Third, this case highlights the limitations of EMB in mitochondrial cardiomyopathies, particularly when specialized histochemical or ultrastructural analyses are not available. In such scenarios, genetic testing may provide the most definitive diagnostic information and should be considered early in the diagnostic pathway. Finally, establishing a unifying diagnosis enables appropriate genetic counseling, cascade testing, and long-term planning, including timely referral to advanced HF programs.

This case highlights the importance of considering mitochondrial disorders in patients with unexplained cardiomyopathy and multisystem involvement. Early genetic testing is particularly valuable when standard diagnostic evaluations are nondiagnostic. Family counseling is essential due to maternal inheritance, and cascade testing was recommended to the patient’s maternal relatives. The case underscores the diagnostic value of integrating clinical features, CMR findings, and genetic testing to establish a unifying diagnosis in complex multisystem presentations.
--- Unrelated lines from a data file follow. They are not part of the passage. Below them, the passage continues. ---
(* Let $\Gamma$ be a connected signed graph. Then all roots of the polynomial $t\mapsto\mathcal{M}(\Gamma(t))$ are real and non-negative.
   Context: A signed graph $\Gamma$ is a finite simple undirected graph with vertex set $\{1,\dots,N\}$ in which every edge $\{i,j\}$ carries a nonzero real weight $\gamma_{ij}$, which may be of either sign. For real $t$, $\Gamma(t)$ is the weighted graph with the same edges as $\Gamma$ and weights $\gamma_{ij}(t)=\gamma_{ij}$ if $\gamma_{ij}>0$ and $\gamma_{ij}(t)=t\gamma_{ij}$ if $\gamma_{ij}<0$. For a weighted graph $H$, $\mathcal{M}(H)=\sum_{T}\prod_{e\in E(T)}w_H(e)$, the sum over all spanning trees $T$ of $H$ of the product of the edge weights $w_H(e)$; thus $\mathcal{M}(\Gamma(t))$ is a polynomial in $t$. Equivalently $\mathcal{M}(H)=\frac{(-1)^{n-1}}{n}\prod_{i=2}^n\lambda_i$, where $n=|V(H)|$ and $\lambda_1=0,\lambda_2,\dots,\lambda_n$ are the eigenvalues of the Laplacian of $H$ (off-diagonal entries the weights, diagonal entries minus the row sums of the weights). *)

theory Defs
  imports Complex_Main "HOL-Computational_Algebra.Polynomial"
begin

definition signed_graph :: "nat \<Rightarrow> nat set set \<Rightarrow> (nat set \<Rightarrow> real) \<Rightarrow> bool" where
  "signed_graph N E \<gamma> \<longleftrightarrow>
     (\<forall>e\<in>E. \<exists>i j. e = {i, j} \<and> i \<noteq> j \<and> i \<in> {1..N} \<and> j \<in> {1..N}) \<and>
     (\<forall>e\<in>E. \<gamma> e \<noteq> 0)"

definition edge_rel :: "nat set set \<Rightarrow> (nat \<times> nat) set" where
  "edge_rel T = {(i, j). {i, j} \<in> T}"

definition connected_on :: "nat \<Rightarrow> nat set set \<Rightarrow> bool" where
  "connected_on N T \<longleftrightarrow> (\<forall>i\<in>{1..N}. \<forall>j\<in>{1..N}. (i, j) \<in> (edge_rel T)\<^sup>*)"

definition spanning_trees :: "nat \<Rightarrow> nat set set \<Rightarrow> nat set set set" where
  "spanning_trees N E = {T. T \<subseteq> E \<and> connected_on N T \<and> card T = N - 1}"

definition M :: "nat \<Rightarrow> nat set set \<Rightarrow> (nat set \<Rightarrow> 'a::comm_ring_1) \<Rightarrow> 'a" where
  "M N E w = (\<Sum>T\<in>spanning_trees N E. \<Prod>e\<in>T. w e)"

definition Gamma_t_weight :: "(nat set \<Rightarrow> real) \<Rightarrow> nat set \<Rightarrow> real poly" where
  "Gamma_t_weight \<gamma> e = (if \<gamma> e > 0 then [:\<gamma> e:] else [:0, \<gamma> e:])"

definition M_Gamma_poly :: "nat \<Rightarrow> nat set set \<Rightarrow> (nat set \<Rightarrow> real) \<Rightarrow> real poly" where
  "M_Gamma_poly N E \<gamma> = M N E (Gamma_t_weight \<gamma>)"

end

theory Submission
  imports Defs "Jordan_Normal_Form.Char_Poly"
begin

text \<open>If a root z of t -> M(Gamma(t)) is not a non-negative real, some c has Re c > 0 and
  Re (c z) < 0 (take c = |z| - conj z).  Multiplying every weight of Gamma(z) by c multiplies M by
  c^(N-1) and produces weights with positive real part, for which M cannot vanish on a connected graph.
  Indeed, by the weighted matrix-tree theorem (Cauchy-Binet, together with the fact that an n x n minor
  of the reduced incidence matrix D is 0 or +-1 according as its edges form a spanning tree)
  M = det (D W D^T); and D W D^T v = 0 forces sum_e w_e |(D^T v)_e|^2 = 0, hence D^T v = 0:
  v is a potential that is constant along the edges and vanishes at the grounded vertex, so v = 0.\<close>

section \<open>The Cauchy-Binet formula\<close>

definition col_submat :: "'a mat \<Rightarrow> nat \<Rightarrow> (nat \<Rightarrow> nat) \<Rightarrow> 'a mat" where
  "col_submat A n g = mat n n (\<lambda>(i, j). A $$ (i, g j))"

definition row_submat :: "'a mat \<Rightarrow> nat \<Rightarrow> (nat \<Rightarrow> nat) \<Rightarrow> 'a mat" where
  "row_submat C n g = mat n n (\<lambda>(i, j). C $$ (g i, j))"

lemma bij_betw_perms_injections_onto:
  fixes n :: nat
  assumes g: "bij_betw g {0..<n} K"
  shows "bij_betw (\<lambda>p i. if i < n then g (p i) else i) {p. p permutes {0..<n}}
           {f. (\<forall>i. i \<notin> {0..<n} \<longrightarrow> f i = i) \<and> inj_on f {0..<n} \<and> f ` {0..<n} = K}"
proof (rule bij_betw_byWitness[where f' = "\<lambda>f i. if i < n then inv_into {0..<n} g (f i) else i"])
  let ?j = "\<lambda>p i. if i < n then g (p i) else i"
  let ?i = "\<lambda>f i. if i < n then inv_into {0..<n} g (f i) else i"
  have ginj: "inj_on g {0..<n}" and gim: "g ` {0..<n} = K"
    using g by (auto simp: bij_betw_def)
  show "\<forall>p\<in>{p. p permutes {0..<n}}. ?i (?j p) = p"
  proof (intro ballI ext)
    fix p i assume "p \<in> {p. p permutes {0..<n}}"
    then have p: "p permutes {0..<n}" by simp
    show "?i (?j p) i = p i"
    proof (cases "i < n")
      case True
      then have "p i \<in> {0..<n}" using permutes_in_image[OF p] by simp
      then show ?thesis using True inv_into_f_f[OF ginj] by simp
    qed (simp add: permutes_not_in[OF p])
  qed
  show "\<forall>f\<in>{f. (\<forall>i. i \<notin> {0..<n} \<longrightarrow> f i = i) \<and> inj_on f {0..<n} \<and> f ` {0..<n} = K}. ?j (?i f) = f"
  proof (intro ballI ext)
    fix f i assume f: "f \<in> {f. (\<forall>i. i \<notin> {0..<n} \<longrightarrow> f i = i) \<and> inj_on f {0..<n} \<and> f ` {0..<n} = K}"
    show "?j (?i f) i = f i"
    proof (cases "i < n")
      case True
      then have "f i \<in> g ` {0..<n}" using f gim by auto
      then show ?thesis using True f_inv_into_f[of "f i" g "{0..<n}"] by simp
    qed (use f in simp)
  qed
  show "?j ` {p. p permutes {0..<n}}
          \<subseteq> {f. (\<forall>i. i \<notin> {0..<n} \<longrightarrow> f i = i) \<and> inj_on f {0..<n} \<and> f ` {0..<n} = K}"
  proof
    fix f assume "f \<in> ?j ` {p. p permutes {0..<n}}"
    then obtain p where p: "p permutes {0..<n}" and f: "f = ?j p" by auto
    have "?j p ` {0..<n} = g ` p ` {0..<n}" by (auto simp: image_def)
    then have "?j p ` {0..<n} = K" using permutes_image[OF p] gim by simp
    moreover have "inj_on (?j p) {0..<n}"
    proof (rule inj_onI)
      fix x y assume "x \<in> {0..<n}" "y \<in> {0..<n}" "?j p x = ?j p y"
      then have "g (p x) = g (p y)" "p x \<in> {0..<n}" "p y \<in> {0..<n}"
        using permutes_in_image[OF p] by auto
      then have "p x = p y" using ginj by (auto dest: inj_onD)
      then show "x = y" using permutes_inj[OF p] by (auto dest: injD)
    qed
    ultimately show "f \<in> {f. (\<forall>i. i \<notin> {0..<n} \<longrightarrow> f i = i) \<and> inj_on f {0..<n} \<and> f ` {0..<n} = K}"
      using f by simp
  qed
  show "?i ` {f. (\<forall>i. i \<notin> {0..<n} \<longrightarrow> f i = i) \<and> inj_on f {0..<n} \<and> f ` {0..<n} = K}
          \<subseteq> {p. p permutes {0..<n}}"
  proof
    fix p assume "p \<in> ?i ` {f. (\<forall>i. i \<notin> {0..<n} \<longrightarrow> f i = i) \<and> inj_on f {0..<n} \<and> f ` {0..<n} = K}"
    then obtain f where f: "inj_on f {0..<n}" "f ` {0..<n} = K" and p: "p = ?i f" by auto
    have "bij_betw f {0..<n} K" using f by (simp add: bij_betw_def)
    then have "bij_betw (inv_into {0..<n} g \<circ> f) {0..<n} {0..<n}"
      using bij_betw_inv_into[OF g] by (rule bij_betw_trans)
    then have "bij_betw (?i f) {0..<n} {0..<n}"
      by (rule bij_betw_cong[THEN iffD1, rotated]) simp
    then show "p \<in> {p. p permutes {0..<n}}" unfolding p mem_Collect_eq by (rule bij_imp_permutes) simp
  qed
qed

lemma cauchy_binet_fibre:
  fixes A C :: "'a::comm_ring_1 mat"
  assumes C: "C \<in> carrier_mat m n" and g: "bij_betw g {0..<n} K"
  shows "(\<Sum>f | (\<forall>i. i \<notin> {0..<n} \<longrightarrow> f i = i) \<and> inj_on f {0..<n} \<and> f ` {0..<n} = K.
            (\<Prod>i = 0..<n. A $$ (i, f i)) * det (row_submat C n f))
         = det (col_submat A n g) * det (row_submat C n g)"
proof -
  let ?j = "\<lambda>p i. if i < n then g (p i) else i"
  let ?Q = "\<lambda>f. (\<Prod>i = 0..<n. A $$ (i, f i)) * det (row_submat C n f)"
  have "(\<Sum>f | (\<forall>i. i \<notin> {0..<n} \<longrightarrow> f i = i) \<and> inj_on f {0..<n} \<and> f ` {0..<n} = K. ?Q f)
      = (\<Sum>p | p permutes {0..<n}. ?Q (?j p))"
    by (rule sum.reindex_bij_betw[OF bij_betw_perms_injections_onto[OF g], symmetric])
  also have "\<dots> = (\<Sum>p | p permutes {0..<n}.
      det (row_submat C n g) * (signof p * (\<Prod>i = 0..<n. col_submat A n g $$ (i, p i))))"
  proof (rule sum.cong[OF refl])
    fix p assume "p \<in> {p. p permutes {0..<n}}"
    then have p: "p permutes {0..<n}" by simp
    have pU: "\<And>i. i < n \<Longrightarrow> p i < n" using permutes_in_image[OF p] by auto
    have "row_submat C n (?j p) = mat n n (\<lambda>(i, j). row_submat C n g $$ (p i, j))"
      by (rule eq_matI) (auto simp: row_submat_def pU)
    then have "det (row_submat C n (?j p)) = signof p * det (row_submat C n g)"
      using det_permute_rows[OF _ p, of "row_submat C n g"] by (simp add: row_submat_def)
    moreover have "(\<Prod>i = 0..<n. A $$ (i, ?j p i)) = (\<Prod>i = 0..<n. col_submat A n g $$ (i, p i))"
      by (rule prod.cong) (auto simp: col_submat_def pU)
    ultimately show "?Q (?j p) = det (row_submat C n g) * (signof p * (\<Prod>i = 0..<n. col_submat A n g $$ (i, p i)))"
      by (simp add: ac_simps)
  qed
  also have "\<dots> = det (row_submat C n g) * det (col_submat A n g)"
    unfolding sum_distrib_left[symmetric] by (subst det_def'[of _ n]) (auto simp: col_submat_def)
  finally show ?thesis by (simp add: ac_simps)
qed

theorem cauchy_binet:
  fixes A C :: "'a::comm_ring_1 mat"
  assumes A: "A \<in> carrier_mat n m" and C: "C \<in> carrier_mat m n"
  shows "det (A * C) = (\<Sum>K | K \<subseteq> {0..<m} \<and> card K = n.
            det (col_submat A n ((!) (sorted_list_of_set K))) * det (row_submat C n ((!) (sorted_list_of_set K))))"
proof -
  let ?F = "{f. (\<forall>i\<in>{0..<n}. f i \<in> {0..<m}) \<and> (\<forall>i. i \<notin> {0..<n} \<longrightarrow> f i = i)}"
  let ?I = "{f \<in> ?F. inj_on f {0..<n}}"
  let ?Ks = "{K. K \<subseteq> {0..<m} \<and> card K = n}"
  let ?Q = "\<lambda>f. (\<Prod>i = 0..<n. A $$ (i, f i)) * det (row_submat C n f)"
  have fin: "finite ?F" by (rule finite_bounded_functions) auto
  have expand: "det (mat\<^sub>r n n (\<lambda>i. A $$ (i, f i) \<cdot>\<^sub>v row C (f i))) = ?Q f" if "f \<in> ?F" for f
  proof -
    have "mat\<^sub>r n n (\<lambda>i. row C (f i)) = row_submat C n f"
      by (rule eq_matI) (use C that in \<open>auto simp: row_submat_def\<close>)
    then show ?thesis using det_rows_mul[of "\<lambda>i. row C (f i)" n] C by auto
  qed
  have non_inj: "?Q f = 0" if "f \<in> ?F - ?I" for f
  proof -
    from that obtain i j where "i < n" "j < n" "i \<noteq> j" "f i = f j"
      unfolding inj_on_def by auto
    then have "det (row_submat C n f) = 0"
      by (intro det_identical_rows[of _ n i j]) (auto simp: row_submat_def)
    then show ?thesis by simp
  qed
  have "det (A * C) = (\<Sum>f\<in>?F. ?Q f)"
    unfolding mat_mul_finsum_alt[OF A C]
    by (subst det_linear_rows_sum) (use C expand in auto)
  also have "\<dots> = (\<Sum>f\<in>?I. ?Q f)"
    by (rule sum.mono_neutral_right[OF fin]) (use non_inj in auto)
  also have "\<dots> = (\<Sum>K\<in>?Ks. \<Sum>f | f \<in> ?I \<and> f ` {0..<n} = K. ?Q f)"
  proof (rule sum.group[symmetric])
    show "finite ?I" using fin by (rule finite_subset[rotated]) auto
    show "finite ?Ks" by (rule finite_subset[of _ "Pow {0..<m}"]) auto
  qed (auto simp: card_image)
  also have "\<dots> = (\<Sum>K\<in>?Ks. det (col_submat A n ((!) (sorted_list_of_set K)))
                              * det (row_submat C n ((!) (sorted_list_of_set K))))"
  proof (rule sum.cong[OF refl])
    fix K assume K: "K \<in> ?Ks"
    then have "finite K" by (auto intro: finite_subset)
    then have "bij_betw ((!) (sorted_list_of_set K)) {0..<n} K"
      using K by (auto simp: bij_betw_nth atLeast0LessThan)
    moreover have "{f. f \<in> ?I \<and> f ` {0..<n} = K}
        = {f. (\<forall>i. i \<notin> {0..<n} \<longrightarrow> f i = i) \<and> inj_on f {0..<n} \<and> f ` {0..<n} = K}"
      using K by blast
    ultimately show "(\<Sum>f | f \<in> ?I \<and> f ` {0..<n} = K. ?Q f)
        = det (col_submat A n ((!) (sorted_list_of_set K))) * det (row_submat C n ((!) (sorted_list_of_set K)))"
      using cauchy_binet_fibre[OF C] by simp
  qed
  finally show ?thesis .
qed

section \<open>Determinants of diagonal and incidence-like matrices\<close>

lemma det_mat_diag: "det (mat_diag n f) = (\<Prod>i = 0..<n. f i)"
  by (subst det_upper_triangular[of _ n]) (auto simp: mat_diag_def upper_triangular_def prod_list_diag_prod)
(* Let $\Omega_S$ be the infinite square lattice graph, i.e. the graph with vertex set $\mathbb{Z}^2$ in which $(a,b)$ and $(c,d)$ are adjacent iff $|a-c|+|b-d|=1$. Then $\chi_{td}(\Omega_S) = 8$.
   Context: For a (possibly infinite) simple graph $G$ and a positive integer $k$, a proper $k$-total difference labeling of $G$ is a function $f: V(G)\to\{1,\dots,k\}$, extended to edges by $f(\{u,v\}) = |f(u)-f(v)|$, such that: (i) adjacent vertices receive different labels; (ii) two distinct edges sharing a vertex receive different labels; (iii) no edge receives the same label as either of its endpoints. $\chi_{td}(G)$ denotes the smallest $k$ for which $G$ has a proper $k$-total difference labeling. *)

theory Defs
  imports Main
begin

text \<open>A (possibly infinite) simple graph is given by a symmetric, irreflexive
adjacency relation E on the vertex type. Labels are integers in {1..k};
the label of edge {u,v} is |f u - f v|.\<close>

definition proper_td_labeling :: "('a \<Rightarrow> 'a \<Rightarrow> bool) \<Rightarrow> nat \<Rightarrow> ('a \<Rightarrow> int) \<Rightarrow> bool" where
  "proper_td_labeling E k f \<longleftrightarrow>
     (\<forall>v. f v \<in> {1..int k}) \<and>
     (\<forall>u v. E u v \<longrightarrow> f u \<noteq> f v) \<and>
     (\<forall>u v w. E u v \<and> E u w \<and> v \<noteq> w \<longrightarrow> \<bar>f u - f v\<bar> \<noteq> \<bar>f u - f w\<bar>) \<and>
     (\<forall>u v. E u v \<longrightarrow> \<bar>f u - f v\<bar> \<noteq> f u \<and> \<bar>f u - f v\<bar> \<noteq> f v)"

definition chi_td :: "('a \<Rightarrow> 'a \<Rightarrow> bool) \<Rightarrow> nat" where
  "chi_td E = (LEAST k. k > 0 \<and> (\<exists>f. proper_td_labeling E k f))"

definition square_lattice :: "int \<times> int \<Rightarrow> int \<times> int \<Rightarrow> bool" where
  "square_lattice p q \<longleftrightarrow> \<bar>fst p - fst q\<bar> + \<bar>snd p - snd q\<bar> = 1"

end

theory Submission
  imports Defs "HOL-Library.Numeral_Type"
begin

text \<open>Lower bound: the four edges at a vertex labelled x need four distinct labels |x - y|, where
y ranges over the labels x may be adjacent to.

Upper bound: the map (a, b) \<mapsto> a + 2b mod 6 sends the four neighbours of a lattice point
to the four residues at distance 1 or 2, i.e. it is a locally injective homomorphism onto the
octahedron K_{2,2,2} on \<int>/6\<int>, whose antipodal pairs are {x, x + 3}. Labelling the octahedron
by 1, 3, 7, 2, 6, 8 is proper, and properness pulls back along such maps.\<close>

lemma chi_td_eqI:
  assumes "k > 0" and "proper_td_labeling E k f"
    and "\<And>k' g. proper_td_labeling E k' g \<Longrightarrow> k \<le> k'"
  shows "chi_td E = k"
  unfolding chi_td_def using assms by (intro Least_equality) auto

definition compatible_labels :: "int \<Rightarrow> int \<Rightarrow> bool" where
  "compatible_labels x y \<longleftrightarrow> x \<noteq> y \<and> \<bar>x - y\<bar> \<noteq> x \<and> \<bar>x - y\<bar> \<noteq> y"

definition available_edge_labels :: "int \<Rightarrow> int set \<Rightarrow> int set" where
  "available_edge_labels x M = (\<lambda>y. \<bar>x - y\<bar>) ` (M \<inter> {y. compatible_labels x y})"

lemmas available_edge_labels_simps =
  available_edge_labels_def compatible_labels_def Int_insert_left card_insert_if

lemma proper_td_labeling_range:
  "proper_td_labeling E k f \<Longrightarrow> f v \<in> {1..int k}"
  unfolding proper_td_labeling_def by blast

lemma proper_td_labeling_compatible:
  assumes "proper_td_labeling E k f" and "E u v"
  shows "compatible_labels (f u) (f v)"
  using assms unfolding proper_td_labeling_def compatible_labels_def by blast

lemma proper_td_labeling_inj_on_neighbours:
  assumes "proper_td_labeling E k f"
  shows "inj_on (\<lambda>v. \<bar>f u - f v\<bar>) {v. E u v}"
  using assms unfolding proper_td_labeling_def inj_on_def by blast

lemma card_neighbours_le_available_edge_labels:
  assumes P: "proper_td_labeling E k f" and "range f \<subseteq> M" and "finite M"
    and "N \<subseteq> {v. E u v}"
  shows "card N \<le> card (available_edge_labels (f u) M)"
proof (rule card_inj_on_le)
  show "inj_on (\<lambda>v. \<bar>f u - f v\<bar>) N"
    using proper_td_labeling_inj_on_neighbours[OF P] \<open>N \<subseteq> {v. E u v}\<close> by (rule inj_on_subset)
  show "(\<lambda>v. \<bar>f u - f v\<bar>) ` N \<subseteq> available_edge_labels (f u) M"
    using assms proper_td_labeling_compatible[OF P] unfolding available_edge_labels_def by blast
  show "finite (available_edge_labels (f u) M)"
    using \<open>finite M\<close> unfolding available_edge_labels_def by simp
qed

lemma proper_td_labeling_prune:
  assumes P: "proper_td_labeling E k f" and "range f \<subseteq> M" and "finite M"
    and "\<And>u. d \<le> card {v. E u v}"
    and "\<forall>x\<in>X. card (available_edge_labels x M) < d"
  shows "range f \<subseteq> M - X"
proof -
  have "f u \<notin> X" for u
  proof
    assume "f u \<in> X"
    have "d \<le> card {v. E u v}"
      by (fact assms(4))
    also have "\<dots> \<le> card (available_edge_labels (f u) M)"
      by (rule card_neighbours_le_available_edge_labels[OF P \<open>range f \<subseteq> M\<close> \<open>finite M\<close> order_refl])
    finally have "d \<le> card (available_edge_labels (f u) M)" .
    with \<open>f u \<in> X\<close> assms(5) show False
      by (meson not_le)
  qed
  then show ?thesis
    using \<open>range f \<subseteq> M\<close> by auto
qed

lemma square_lattice_iff:
  "square_lattice (a, b) q \<longleftrightarrow> q \<in> {(a + 1, b), (a - 1, b), (a, b + 1), (a, b - 1)}"
  by (cases q) (auto simp: square_lattice_def abs_if)

lemma card_square_lattice_neighbours: "card {q. square_lattice p q} = 4"
proof (cases p)
  case (Pair a b)
  then have "{q. square_lattice p q} = {(a + 1, b), (a - 1, b), (a, b + 1), (a, b - 1)}"
    by (auto simp: square_lattice_iff)
  then show ?thesis
    by (simp add: card_insert_if)
qed

lemma square_lattice_labeling_ge_8:
  assumes P: "proper_td_labeling square_lattice k f"
  shows "8 \<le> k"
proof (rule ccontr)
  note prune = proper_td_labeling_prune[OF P, where d = 4]
  assume "\<not> 8 \<le> k"
  then have "range f \<subseteq> {1..7}"
    using proper_td_labeling_range[OF P] by fastforce
  also have "\<dots> = {1, 2, 3, 4, 5, 6, 7}"
    by auto
  finally have "range f \<subseteq> {1, 2, 3, 4, 5, 6, 7} - {3, 4}"
    by (rule prune) (simp_all add: available_edge_labels_simps card_square_lattice_neighbours)
  also have "\<dots> = {1, 2, 5, 6, 7}"
    by auto
  finally have "range f \<subseteq> {1, 2, 5, 6, 7} - {2}"
    by (rule prune) (simp_all add: available_edge_labels_simps card_square_lattice_neighbours)
  also have "\<dots> = {1, 5, 6, 7}"
    by auto
  finally have "range f \<subseteq> {1, 5, 6, 7} - {5, 6}"
    by (rule prune) (simp_all add: available_edge_labels_simps card_square_lattice_neighbours)
  also have "\<dots> = {1, 7}"
    by auto
  finally have "range f \<subseteq> {1, 7} - {1, 7}"
    by (rule prune) (simp_all add: available_edge_labels_simps card_square_lattice_neighbours)
  then show False
    by simp
qed

lemma proper_td_labeling_pullback:
  assumes "proper_td_labeling E' k f"
    and "\<And>u v. E u v \<Longrightarrow> E' (h u) (h v)"
    and "\<And>u v w. E u v \<Longrightarrow> E u w \<Longrightarrow> v \<noteq> w \<Longrightarrow> h v \<noteq> h w"
  shows "proper_td_labeling E k (f \<circ> h)"
  using assms unfolding proper_td_labeling_def by simp metis

lemma forall_6: "(\<forall>x::6. P x) \<longleftrightarrow> P 0 \<and> P 1 \<and> P 2 \<and> P 3 \<and> P 4 \<and> P 5"
proof -
  have "x \<in> {0, 1, 2, 3, 4, 5}" for x :: 6
  proof (cases x)
    case (of_int z)
    then have "z \<in> {0, 1, 2, 3, 4, 5}"
      by auto
    then show ?thesis
      using of_int by auto
  qed
  then show ?thesis
    by (metis empty_iff insert_iff)
qed

definition octahedron :: "6 \<Rightarrow> 6 \<Rightarrow> bool" where
  "octahedron x y \<longleftrightarrow> y \<noteq> x \<and> y \<noteq> x + 3"

definition octahedron_label :: "6 \<Rightarrow> int" where
  "octahedron_label x =
    (if x = 0 then 1 else if x = 1 then 3 else if x = 2 then 7
     else if x = 3 then 2 else if x = 4 then 6 else 8)"

lemma proper_td_labeling_octahedron: "proper_td_labeling octahedron 8 octahedron_label"
  unfolding proper_td_labeling_def octahedron_def by (simp add: forall_6 octahedron_label_def)

definition lattice_residue :: "int \<times> int \<Rightarrow> 6" where
  "lattice_residue p = of_int (fst p + 2 * snd p)"

lemma octahedron_lattice_residue:
  "square_lattice p q \<Longrightarrow> octahedron (lattice_residue p) (lattice_residue q)"
  by (cases p) (auto simp: square_lattice_iff octahedron_def lattice_residue_def algebra_simps)

lemma lattice_residue_distinct_neighbours:
  "square_lattice p v \<Longrightarrow> square_lattice p w \<Longrightarrow> v \<noteq> w \<Longrightarrow> lattice_residue v \<noteq> lattice_residue w"
  by (cases p) (auto simp: square_lattice_iff lattice_residue_def algebra_simps)

theorem mainTheorem2:
  shows "chi_td square_lattice = 8"
proof (rule chi_td_eqI)
  show "proper_td_labeling square_lattice 8 (octahedron_label \<circ> lattice_residue)"
    using proper_td_labeling_octahedron octahedron_lattice_residue lattice_residue_distinct_neighbours
    by (rule proper_td_labeling_pullback)
  show "8 \<le> k" if "proper_td_labeling square_lattice k g" for k g
    using that by (rule square_lattice_labeling_ge_8)
qed simp

end
lemma pure_gaussian_cov_normal_form:
  assumes pure: "pure_gaussian_cov M"
    and M: "M = blk (mat2 x 0 0 y) B (transpose B) (mat2 a 0 0 a)"
  obtains r \<phi> where "1/2 \<le> a" and "0 < r" and "M = standard_form_cov a r \<phi>"
proof -
  obtain b0 b1 b2 b3 where B: "B = mat2 b0 b1 b2 b3"
    by (metis mat2_eta)
  have pd: "positive_definite M"
    by (rule pure_gaussian_cov_positive_definite[OF pure])
  have "0 < x" "0 < a"
    using positive_definite_diag_pos[OF pd, of 0] positive_definite_diag_pos[OF pd, of 2]
    by (simp_all add: M blk_unfold)
  have "M ** Omega ** M = (1/4) *\<^sub>R Omega"
    by (rule pure_gaussian_cov_purity[OF pure])
  then have det: "x * y + (b0 * b3 - b1 * b2) = 1/4" "b0 * b3 - b2 * b1 + a * a = 1/4"
    and cross: "a * b1 = b2 * x" "- (b3 * x) = a * b0"
    by (simp_all add: M B Omega_def J2_def blk_mult scaleR_blk transpose_blk zero_mat2 mat2_simps
        blk_eq_iff)
  have "b0 * b3 - b1 * b2 + a\<^sup>2 = 1/4" "x * b2 = a * b1" "x * b3 = - (a * b0)"
    using det(2) cross by (simp_all add: algebra_simps power2_eq_square)
  with \<open>0 < x\<close> \<open>0 < a\<close> det(1) obtain r \<phi> where "1/2 \<le> a" "0 < r" "x = a * r" "y = a / r"
    "b0 = sqrt (a\<^sup>2 - 1/4) * (sqrt r * cos \<phi>)" "b1 = sqrt (a\<^sup>2 - 1/4) * (sqrt r * sin \<phi>)"
    "b2 = sqrt (a\<^sup>2 - 1/4) * (sqrt (inverse r) * sin \<phi>)"
    "b3 = sqrt (a\<^sup>2 - 1/4) * (- sqrt (inverse r) * cos \<phi>)"
    by (rule two_mode_normal_form_coefficients)
  then show ?thesis
    by (intro that[of r \<phi>])
      (simp_all add: M B standard_form_cov_def standard_correlation_def scaleR_mat2)
qed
From an advanced HF perspective, mitochondrial disease raises additional considerations for HTx evaluation. Candidate assessment should explicitly address extracardiac involvement, particularly neurological status, renal function, and the overall trajectory of multisystem disease, because these factors may influence perioperative risk and post-transplant outcomes. In our patient, the severity of cardiac involvement prompted transplantation evaluation, while the extent and progression of extracardiac manifestations required careful multidisciplinary consideration.

Future research should focus on defining imaging and genetic markers that allow for the earlier identification of mitochondrial cardiomyopathies in cardiology practice. Prospective registries and collaborative studies are needed to better characterize the natural history, optimal heart failure management strategies, and transplant outcomes in this patient population. Increased awareness among cardiologists may ultimately lead to earlier diagnosis, improved patient selection for advanced therapies, and better integration of multidisciplinary care.

4. Conclusions

This case illustrates that MELAS syndrome may present predominantly with rapidly progressive cardiomyopathy and advanced HF, even in the absence of overt neurological manifestations. Integrating extracardiac ’red flags’ with CMR tissue characterization and early genetic testing can enable a unifying diagnosis and guide advanced HF management.